Stored data:
(* Let $I$ be a finite or infinite non-empty index set and let $\mathbb{K}$ be a positive commutative monoid. The following are equivalent: (1) $\mathbb{K}$ has the transportation property; (2) $\mathbb{K}^I$ has the transportation property; (3) $\mathbb{K}^I_{\mathrm{fin}}$ has the transportation property.
   Context: Positive: $p+q=0\Rightarrow p=q=0$. $\mathbb{K}^I$ is the monoid of all maps $f:I\to K$ with pointwise addition $(f+g)(i)=f(i)+g(i)$ and the constant-$0$ map as neutral element; $\mathbb{K}^I_{\mathrm{fin}}$ is its submonoid of maps $f$ with $f(i)\ne0$ for only finitely many $i$. A monoid $(M,+,0)$ has the transportation property if for all positive integers $m,n$ and all $b\in M^m$, $c\in M^n$ with $b_1+\dots+b_m=c_1+\dots+c_n$ there is $(d_{ij})\in M^{m\times n}$ with $\sum_j d_{ij}=b_i$ for all $i$ and $\sum_i d_{ij}=c_j$ for all $j$. *)

theory Defs
  imports Main "HOL-Library.Function_Algebras"
begin

definition positive_monoid :: "'a::comm_monoid_add itself \<Rightarrow> bool" where
  "positive_monoid _ \<longleftrightarrow> (\<forall>p q :: 'a. p + q = 0 \<longrightarrow> p = 0 \<and> q = 0)"

text \<open>Indices run over
  0..<m and 0..<n instead of 1..m and 1..n.\<close>
definition transportation_property :: "'a::comm_monoid_add set \<Rightarrow> bool" where
  "transportation_property M \<longleftrightarrow>
     (\<forall>(m::nat) (n::nat) (b::nat \<Rightarrow> 'a) (c::nat \<Rightarrow> 'a).
        0 < m \<and> 0 < n \<and> (\<forall>i<m. b i \<in> M) \<and> (\<forall>j<n. c j \<in> M) \<and>
        (\<Sum>i<m. b i) = (\<Sum>j<n. c j) \<longrightarrow>
        (\<exists>d :: nat \<Rightarrow> nat \<Rightarrow> 'a.
           (\<forall>i<m. \<forall>j<n. d i j \<in> M) \<and>
           (\<forall>i<m. (\<Sum>j<n. d i j) = b i) \<and>
           (\<forall>j<n. (\<Sum>i<m. d i j) = c j)))"

definition fin_support :: "('i \<Rightarrow> 'k::zero) set" where
  "fin_support = {f. finite {i. f i \<noteq> 0}}"

end

theory Submission
  imports Defs
begin

text \<open>A transportation problem in \<open>K\<^sup>I\<close> splits into one problem in \<open>K\<close> per coordinate;
  solving these independently (by choice) solves the problem in \<open>K\<^sup>I\<close>. In a positive monoid
  an entry of a plan vanishes wherever its row total vanishes, so finitely supported data
  yield a finitely supported plan. Conversely \<open>K\<close> is a retract of both \<open>K\<^sup>I\<close> and
  \<open>K\<^sup>I\<^sub>f\<^sub>i\<^sub>n\<close> (insertion at one coordinate, evaluation at it), and the transportation
  property passes to retracts.\<close>

lemma sum_fun_apply: "(\<Sum>i\<in>A. f i) x = (\<Sum>i\<in>A. (f i x :: 'k::comm_monoid_add))"
  by (induction A rule: infinite_finite_induct) simp_all

lemma positive_monoid_sum_eq_0D:
  assumes "positive_monoid TYPE('k::comm_monoid_add)" "finite A"
    and "(\<Sum>i\<in>A. (f i :: 'k)) = 0" "j \<in> A"
  shows "f j = 0"
  using assms(2-4)
proof (induction A rule: finite_induct)
  case (insert a F)
  then have "f a + sum f F = 0" by simp
  then have "f a = 0 \<and> sum f F = 0"
    using assms(1) unfolding positive_monoid_def by blast
  with insert show ?case by auto
qed simp

lemma transportation_plan_pointwise:
  fixes b c :: "nat \<Rightarrow> 'i \<Rightarrow> 'k::comm_monoid_add"
  assumes tp: "transportation_property (UNIV :: 'k set)"
    and "0 < m" "0 < n" and balanced: "(\<Sum>i<m. b i) = (\<Sum>j<n. c j)"
  obtains d where "\<forall>i<m. (\<Sum>j<n. d i j) = b i" and "\<forall>j<n. (\<Sum>i<m. d i j) = c j"
proof -
  have "\<exists>e :: nat \<Rightarrow> nat \<Rightarrow> 'k. (\<forall>i<m. (\<Sum>j<n. e i j) = b i x) \<and> (\<forall>j<n. (\<Sum>i<m. e i j) = c j x)"
    for x
  proof -
    have "(\<Sum>i<m. b i x) = (\<Sum>j<n. c j x)"
      using fun_cong[OF balanced, of x] by (simp add: sum_fun_apply)
    then show ?thesis
      using tp[unfolded transportation_property_def, rule_format, of m n "\<lambda>i. b i x" "\<lambda>j. c j x"]
        \<open>0 < m\<close> \<open>0 < n\<close> by simp
  qed
  then obtain e where e: "\<And>x. (\<forall>i<m. (\<Sum>j<n. e x i j) = b i x) \<and> (\<forall>j<n. (\<Sum>i<m. e x i j) = c j x)"
    using choice[of "\<lambda>x e. (\<forall>i<m. (\<Sum>j<n. e i j) = b i x) \<and> (\<forall>j<n. (\<Sum>i<m. e i j) = c j x)"]
    by blast
  show thesis
    by (rule that[of "\<lambda>i j x. e x i j"]) (simp_all add: fun_eq_iff sum_fun_apply e)
qed

lemma transportation_property_fun:
  assumes "transportation_property (UNIV :: 'k::comm_monoid_add set)"
  shows "transportation_property (UNIV :: ('i \<Rightarrow> 'k) set)"
  unfolding transportation_property_def
proof (intro allI impI, elim conjE)
  fix m n and b c :: "nat \<Rightarrow> 'i \<Rightarrow> 'k"
  assume "0 < m" "0 < n" "(\<Sum>i<m. b i) = (\<Sum>j<n. c j)"
  then obtain d where "\<forall>i<m. (\<Sum>j<n. d i j) = b i" "\<forall>j<n. (\<Sum>i<m. d i j) = c j"
    by (rule transportation_plan_pointwise[OF assms])
  then show "\<exists>d. (\<forall>i<m. \<forall>j<n. d i j \<in> UNIV) \<and> (\<forall>i<m. (\<Sum>j<n. d i j) = b i) \<and>
      (\<forall>j<n. (\<Sum>i<m. d i j) = c j)"
    by blast
qed

lemma transportation_property_fin_support:
  assumes pos: "positive_monoid TYPE('k::comm_monoid_add)"
    and tp: "transportation_property (UNIV :: 'k set)"
  shows "transportation_property (fin_support :: ('i \<Rightarrow> 'k) set)"
  unfolding transportation_property_def
proof (intro allI impI, elim conjE)
  fix m n and b c :: "nat \<Rightarrow> 'i \<Rightarrow> 'k"
  assume "0 < m" "0 < n" and b_fin: "\<forall>i<m. b i \<in> fin_support"
    and balanced: "(\<Sum>i<m. b i) = (\<Sum>j<n. c j)"
  obtain d where rows: "\<forall>i<m. (\<Sum>j<n. d i j) = b i" and cols: "\<forall>j<n. (\<Sum>i<m. d i j) = c j"
    using tp \<open>0 < m\<close> \<open>0 < n\<close> balanced by (rule transportation_plan_pointwise)
  have "d i j \<in> fin_support" if "i < m" "j < n" for i j
  proof -
    have "d i j x = 0" if "b i x = 0" for x
    proof (rule positive_monoid_sum_eq_0D[OF pos, of "{..<n}" "\<lambda>j. d i j x" j])
      show "(\<Sum>j<n. d i j x) = 0"
        using rows \<open>i < m\<close> \<open>b i x = 0\<close> by (simp add: sum_fun_apply[symmetric])
    qed (use \<open>j < n\<close> in simp_all)
    then have "{x. d i j x \<noteq> 0} \<subseteq> {x. b i x \<noteq> 0}" by blast
    then show ?thesis
      using b_fin \<open>i < m\<close> unfolding fin_support_def by (auto intro: finite_subset)
  qed
  with rows cols show "\<exists>d. (\<forall>i<m. \<forall>j<n. d i j \<in> fin_support) \<and>
      (\<forall>i<m. (\<Sum>j<n. d i j) = b i) \<and> (\<forall>j<n. (\<Sum>i<m. d i j) = c j)"
    by blast
qed

lemma transportation_property_retract:
  fixes s :: "'a::comm_monoid_add \<Rightarrow> 'b::comm_monoid_add" and r :: "'b \<Rightarrow> 'a"
  assumes tp: "transportation_property M"
    and s_in: "\<And>a. s a \<in> M" and "s 0 = 0" and "\<And>a a'. s (a + a') = s a + s a'"
    and "r 0 = 0" and "\<And>x y. r (x + y) = r x + r y"
    and r_s: "\<And>a. r (s a) = a"
  shows "transportation_property (UNIV :: 'a set)"
  unfolding transportation_property_def
proof (intro allI impI, elim conjE)
  fix m n and b c :: "nat \<Rightarrow> 'a"
  have s_sum: "(\<Sum>i\<in>A. s (f i)) = s (\<Sum>i\<in>A. f i)" for f and A :: "nat set"
    using sum_comp_morphism[of s f A] assms(3,4) by (simp add: comp_def)
  have r_sum: "(\<Sum>i\<in>A. r (f i)) = r (\<Sum>i\<in>A. f i)" for f and A :: "nat set"
    using sum_comp_morphism[of r f A] assms(5,6) by (simp add: comp_def)
  assume "0 < m" "0 < n" "(\<Sum>i<m. b i) = (\<Sum>j<n. c j)"
  then have "(\<Sum>i<m. s (b i)) = (\<Sum>j<n. s (c j))"
    by (simp add: s_sum)
  then obtain D where rows: "\<forall>i<m. (\<Sum>j<n. D i j) = s (b i)" and cols: "\<forall>j<n. (\<Sum>i<m. D i j) = s (c j)"
    using tp[unfolded transportation_property_def, rule_format, of m n "s \<circ> b" "s \<circ> c"]
      s_in \<open>0 < m\<close> \<open>0 < n\<close> by auto
  have "\<forall>i<m. (\<Sum>j<n. r (D i j)) = b i" "\<forall>j<n. (\<Sum>i<m. r (D i j)) = c j"
    using rows cols by (simp_all add: r_sum r_s)
  then show "\<exists>d. (\<forall>i<m. \<forall>j<n. d i j \<in> UNIV) \<and> (\<forall>i<m. (\<Sum>j<n. d i j) = b i) \<and>
      (\<forall>j<n. (\<Sum>i<m. d i j) = c j)"
    by (intro exI[of _ "\<lambda>i j. r (D i j)"]) simp
qed

lemma transportation_property_from_fun:
  assumes "transportation_property M"
    and "\<And>a::'k::comm_monoid_add. 0(x0 := a) \<in> M"
  shows "transportation_property (UNIV :: 'k set)"
  by (rule transportation_property_retract[OF assms(1), where s = "\<lambda>a. 0(x0 := a)" and r = "\<lambda>f. f x0"])
    (simp_all add: assms fun_eq_iff)

lemma fun_upd_zero_in_fin_support: "(0 :: 'i \<Rightarrow> 'k::zero)(x0 := a) \<in> fin_support"
proof -
  have "{x. ((0 :: 'i \<Rightarrow> 'k)(x0 := a)) x \<noteq> 0} \<subseteq> {x0}" by auto
  then show ?thesis unfolding fin_support_def by (auto intro: finite_subset)
qed

theorem proposition30:
  assumes "positive_monoid TYPE('k::comm_monoid_add)"
  shows "(transportation_property (UNIV :: 'k set)
            \<longleftrightarrow> transportation_property (UNIV :: ('i \<Rightarrow> 'k) set))
       \<and> (transportation_property (UNIV :: 'k set)
            \<longleftrightarrow> transportation_property (fin_support :: ('i \<Rightarrow> 'k) set))"
  \<comment> \<open>\<open>I\<close> is a HOL type, hence inhabited: this is where non-emptiness of \<open>I\<close> enters.\<close>
  using transportation_property_fun transportation_property_fin_support[OF assms]
    transportation_property_from_fun[OF _ UNIV_I]
    transportation_property_from_fun[OF _ fun_upd_zero_in_fin_support]
  by blast

end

**Your instructions**
Give an exact reproduction of the lines from the one with "transportation_property_from_fun[OF _ UNIV_I]" to the final line of the entries, including both.

**Task response**
    transportation_property_from_fun[OF _ UNIV_I]
    transportation_property_from_fun[OF _ fun_upd_zero_in_fin_support]
  by blast

end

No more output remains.